Aday Newt Gingrich ve Rick Santorum’un da elçiliği taşımaya söz vermelerine şaşmamalı. Romney elçiliği taşımaya söz vermekten bir anda vazgeçerek, böyle bir hareket yapmadan önce İsrail hükümetine danışacağını söylüyor. Tabii ki İsrail hükümeti, ABD elçiliğinin başkentim dediği şehirde bulunmasını çok ister ancak yine de elçiliğin taşınacağından emin olmayın. Ya da Çin politikasında önemli bir değişiklik olacağından. Eğer ABD Afganistan’dan ayrılmak istiyorsa, Taliban’la görüşmesi de kaçınılmaz. Rusya ile yapılan füze anlaşması birçok Cumhuriyetçi dış politika kurumunun desteğini aldı. Üstelik, İsrail’i ziyaret etmek gibi sembolik şeyler dışında, Romney’in İsrail için Obama’nın şimdi yaptıkları dışında ne yapabileceğini anlamak zor. Romney’nin İran karşısındaki kesin tutumuna gelince, ABD istihbaratı İran’ın henüz nükleer silah üretmeye karar vermediği sonucuna varırken, savunma uzmanları gerçekleştirilecek her askeri faaliyetin, şayet üretmeye karar verirse İran’ın nükleer silah programını en iyi ihtimalle geciktirebileceği uyarısında bulundu.
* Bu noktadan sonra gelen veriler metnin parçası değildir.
lemma triangularization:
  fixes a :: "complex mat" assumes a: "a \<in> carrier_mat n n"
  obtains B P Q where "B \<in> carrier_mat n n" "P \<in> carrier_mat n n" "Q \<in> carrier_mat n n"
    "P * Q = 1\<^sub>m n" "Q * P = 1\<^sub>m n" "a = P * B * Q" "upper_triangular B"
    "\<And>k. k < n \<Longrightarrow> eigenvalue a (B $$ (k,k))"
proof -
  obtain es where cp: "char_poly a = (\<Prod>e\<leftarrow>es. [:- e, 1:])" and les: "length es = n"
    using char_poly_factorized[OF a] by blast
  obtain B P Q where sd: "schur_decomposition a es = (B,P,Q)" by (cases "schur_decomposition a es") auto
  have sch: "similar_mat_wit a B P Q \<and> upper_triangular B \<and> diag_mat B = es"
    by (rule schur_decomposition[OF a cp sd])
  have dr: "dim_row a = n" using a by simp
  have B: "B \<in> carrier_mat n n" and "P \<in> carrier_mat n n" "Q \<in> carrier_mat n n"
    "P * Q = 1\<^sub>m n" "Q * P = 1\<^sub>m n" "a = P * B * Q"
    using sch unfolding similar_mat_wit_def Let_def dr by auto
  moreover have "eigenvalue a (B $$ (k,k))" if k: "k < n" for k
  proof -
    have "diag_mat B ! k = B $$ (k,k)" unfolding diag_mat_def using B k by simp
    then have "es ! k = B $$ (k,k)" using sch by simp
    then have "B $$ (k,k) \<in> set es" using k les nth_mem by metis
    then have "poly (char_poly a) (B $$ (k,k)) = 0"
      unfolding cp by (auto simp: poly_prod_list o_def prod_list_zero_iff)
    then show ?thesis using eigenvalue_root_char_poly[OF a] by simp
  qed
  ultimately show ?thesis using that sch by blast
qed

text \<open>The product is Hermitian and similar to a triangular matrix with zero diagonal, so the
  trace of its square vanishes.\<close>
lemma prod_shifts_hermitian_vanish:
  fixes a :: "complex mat"
  assumes a: "a \<in> carrier_mat n n" and h: "cadj a = a"
    and B: "B \<in> carrier_mat n n" and P: "P \<in> carrier_mat n n" and Q: "Q \<in> carrier_mat n n"
    and PQ: "P * Q = 1\<^sub>m n" and QP: "Q * P = 1\<^sub>m n" and aPBQ: "a = P * B * Q" and uB: "upper_triangular B"
    and roots: "\<And>k. k < n \<Longrightarrow> B $$ (k,k) \<in> set L" and real: "\<forall>l\<in>set L. cnj l = l"
  shows "prod_shifts a n L = 0\<^sub>m n n"
proof -
  define Z where "Z = prod_shifts a n L"
  define N where "N = prod_shifts B n L"
  have Zc: "Z \<in> carrier_mat n n" unfolding Z_def by (rule prod_shifts_carrier[OF a])
  have Nc: "N \<in> carrier_mat n n" unfolding N_def by (rule prod_shifts_carrier[OF B])
  have ZN: "Z = P * N * Q" unfolding Z_def N_def by (rule prod_shifts_similar[OF a B P Q PQ QP aPBQ])
  have Nu: "upper_triangular N" and Nd: "\<forall>k<n. N $$ (k,k) = prod_list (map (\<lambda>l. B $$ (k,k) - l) L)"
    using prod_shifts_upper_triangular[OF B uB, of L] unfolding N_def by auto
  have Nd0: "N $$ (k,k) = 0" if k: "k < n" for k
  proof -
    have "0 \<in> set (map (\<lambda>l. B $$ (k,k) - l) L)" using roots[OF k] by force
    then show "N $$ (k,k) = 0" using Nd k by (simp add: prod_list_zero_iff)
  qed
  have NN: "N * N \<in> carrier_mat n n" using Nc by simp
  have "mat_trace (Z * Z) = mat_trace (P * (N * N) * Q)"
    unfolding ZN by (simp add: similar_mult[OF P Q Nc Nc QP])
  also have "\<dots> = mat_trace (Q * (P * (N * N)))" by (rule mat_trace_mult_comm[OF mult_carrier_mat[OF P NN] Q])
  also have "Q * (P * (N * N)) = N * N"
    using assoc_mult_mat[OF Q P NN, symmetric] QP left_mult_one_mat[OF NN] by simp
  also have "mat_trace (N * N) = (\<Sum>k<n. N $$ (k,k) * N $$ (k,k))"
    unfolding mat_trace_def using upper_triangular_mult(2)[OF Nc Nc Nu Nu] Nc by simp
  also have "\<dots> = 0" using Nd0 by simp
  finally have "mat_trace (Z * Z) = 0" .
  moreover have "cadj Z = Z" unfolding Z_def by (rule prod_shifts_hermitian[OF a h real])
  ultimately show ?thesis using hermitian_trace_square_zero[OF Zc] unfolding Z_def by blast
qed

lemma smult_mat_cancel: fixes X Y :: "complex mat"
  assumes "X \<in> carrier_mat n m" "Y \<in> carrier_mat n m" "c \<noteq> 0" "c \<cdot>\<^sub>m X = c \<cdot>\<^sub>m Y"
  shows "X = Y"
proof (rule eq_matI)
  fix i j assume "i < dim_row Y" "j < dim_col Y"
  then have "c * X $$ (i,j) = c * Y $$ (i,j)" using assms by (metis index_smult_mat(1) carrier_matD)
  then show "X $$ (i,j) = Y $$ (i,j)" using assms(3) by simp
qed (use assms in auto)

lemma hermitian_projection_of_scaled_idempotent: fixes q :: "complex mat"
  assumes q: "q \<in> carrier_mat n n" and qq: "q * q = c \<cdot>\<^sub>m q" and qh: "cadj q = q"
    and c0: "c \<noteq> 0" and cr: "cnj c = c"
  shows "((1 / c) \<cdot>\<^sub>m q) * ((1 / c) \<cdot>\<^sub>m q) = (1 / c) \<cdot>\<^sub>m q" and "cadj ((1 / c) \<cdot>\<^sub>m q) = (1 / c) \<cdot>\<^sub>m q"
proof -
  have "((1 / c) \<cdot>\<^sub>m q) * ((1 / c) \<cdot>\<^sub>m q) = (1 / c) \<cdot>\<^sub>m (q * ((1 / c) \<cdot>\<^sub>m q))"
    by (rule mult_smult_assoc_mat[OF q smult_carrier_mat[OF q]])
  also have "q * ((1 / c) \<cdot>\<^sub>m q) = (1 / c) \<cdot>\<^sub>m (q * q)" by (rule mult_smult_distrib[OF q q])
  also have "(1 / c) \<cdot>\<^sub>m ((1 / c) \<cdot>\<^sub>m (q * q)) = (1 / c) \<cdot>\<^sub>m q"
    unfolding qq using q c0 by (intro eq_matI) auto
  finally show "((1 / c) \<cdot>\<^sub>m q) * ((1 / c) \<cdot>\<^sub>m q) = (1 / c) \<cdot>\<^sub>m q" .
  show "cadj ((1 / c) \<cdot>\<^sub>m q) = (1 / c) \<cdot>\<^sub>m q" using qh cr by (simp add: complex_cnj_divide)
qed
Romney’nin dış politika ile ilgili yaptığı yazılı açıklamalar dikkatle okunacak olursa, aslında bir iki düzeltme dışında genel olarak Obama’nın dış politikasını sürdüreceği, ancak bunu daha iyi yapacağı iddiasında bulunduğu ortaya çıkıyor. Tabii ki olaylar farklı bir seyir izleyebilir: Aday George W. Bush’un 2000 yılında vaat ettiği “mütevazı” dış politika ile Obama’nın dış politika vaatleri kıyaslandığında örneğin Obama’nın söylemleri neo-conlarınkini andırıyor. Başka bir deyişle, kampanyanın gürültüsü ve çılgınlığı, adayların seçildikleri takdirde dış politikayı nasıl ele alacakları konusunda çok az işaret veriyor.